# how to make a a 2000 a4 1.8t faster



## paul1.8 (May 23, 2011)

i have a 2000 a4 1.8 turbo 5-speed
im looking for ways to get the most power at the cheapest price..
and also how high can you boost it to on a stock motor?...thanks


----------



## ziddey (Apr 16, 2006)

not a question of how high you can boost with that turbo. it'll run outside its efficiency range well before you make "too much power"

not sure if the 2000 can handle a mbc if you want to go the cheap route. apr chip is what most people go with.

this might be the most informative post you get before you get bombarded with reSEARCH posts


----------



## boost_addict (Dec 4, 2009)

1.8t motors are good for 300hp before you need to open them up and put rods in.

but the easiest way in my eyes is put a bigger turbo on.. you get get t3/t4 for very cheap now.


----------



## Big_Tom (Aug 19, 2007)

:facepalm: read the FAQ


----------



## ziddey (Apr 16, 2006)

Big_Tom said:


> :facepalm: read the FAQ


but it's Thanksgiving!!

chip it for a few hundred and be 200hp. should keep you happy for a bit.

a performance exhaust can help, but real gains remain to be seen with a bigger turbo. personally, I haven't found a good cheap exhaust that maintains "civility" in exhaust noise. I don't doubt the higher end ones ($$$) are better. Just a bit hard to swallow the cost.

beyond 200-225hp, you'd be looking at upgrading the turbo (read: new exhaust manifold and downpipe as well most likely). not sure what the power "limits" are of the stock transmission you've got. Imagining you'll want to stay south of 300hp.

If you've got fwd, launching traction may be tough at this point.

I'd say, get/build a cheap mbc to get your feet wet and go from there. A lot of times, you'll see that's honestly the best bang for the buck you're going to find.
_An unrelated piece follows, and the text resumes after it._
(* Let $\alpha>0$ and $\beta\le\alpha$. Then the Sharma-Mittal entropy $S_{\alpha,\beta}$ is supermodular on the majorization lattice: for all $\mathbf{p},\mathbf{q}\in\mathcal{P}_n$, $$S_{\alpha,\beta}(\mathbf{p})+S_{\alpha,\beta}(\mathbf{q})\le S_{\alpha,\beta}(\mathbf{p}\wedge\mathbf{q})+S_{\alpha,\beta}(\mathbf{p}\vee\mathbf{q}).$$
   Context: $\mathcal{P}_n=\{\mathbf{p}=(p_1,\dots,p_n): p_i\ge0,\ \sum_i p_i=1\}$, with all vectors taken with components in non-increasing order. Majorization: $\mathbf{p}\preceq\mathbf{q}$ iff $\sum_{i=1}^k p_i\le\sum_{i=1}^k q_i$ for $k=1,\dots,n$; $(\mathcal{P}_n,\preceq)$ is a lattice. Its greatest lower bound $\mathbf{p}\wedge\mathbf{q}=\mathbf{r}$ satisfies $\sum_{i=1}^k r_i=\min\{\sum_{i=1}^k p_i,\sum_{i=1}^k q_i\}$. Its least upper bound $\mathbf{p}\vee\mathbf{q}$ is the least element of $\mathcal{P}_n$ (w.r.t. $\preceq$) majorizing both; concretely, let $\mathbf{w}$ satisfy $\sum_{i=1}^k w_i=\max\{\sum_{i=1}^k p_i,\sum_{i=1}^k q_i\}$; if $\mathbf{w}$ is non-increasing then $\mathbf{p}\vee\mathbf{q}=\mathbf{w}$, otherwise $\mathbf{p}\vee\mathbf{q}$ is obtained by repeatedly replacing each maximal consecutive block of coordinates violating the non-increasing order by its average until the vector is non-increasing. The Sharma-Mittal entropy is $S_{\alpha,\beta}(\mathbf{p})=\frac{1}{1-\beta}\left[\left(\sum_{i=1}^n p_i^\alpha\right)^{\frac{1-\beta}{1-\alpha}}-1\right]$, with values at $\alpha=1$ and/or $\beta=1$ defined by the corresponding limits. *)

theory Defs
  imports Complex_Main
begin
In terms of turbo upgrades, the junkyard route is great on a budget. Should be able to come across some decent turbos if you don't mind older tech ("slower" spool)


----------



## boost_addict (Dec 4, 2009)

my vote is dont waste your money on a chip for a stock turbo.. collect parts and once u have enough put the t3/t4 on with a 60lb flash instead of the flash for stock turbo 

but all of this is covered in the FAQ like tom said


----------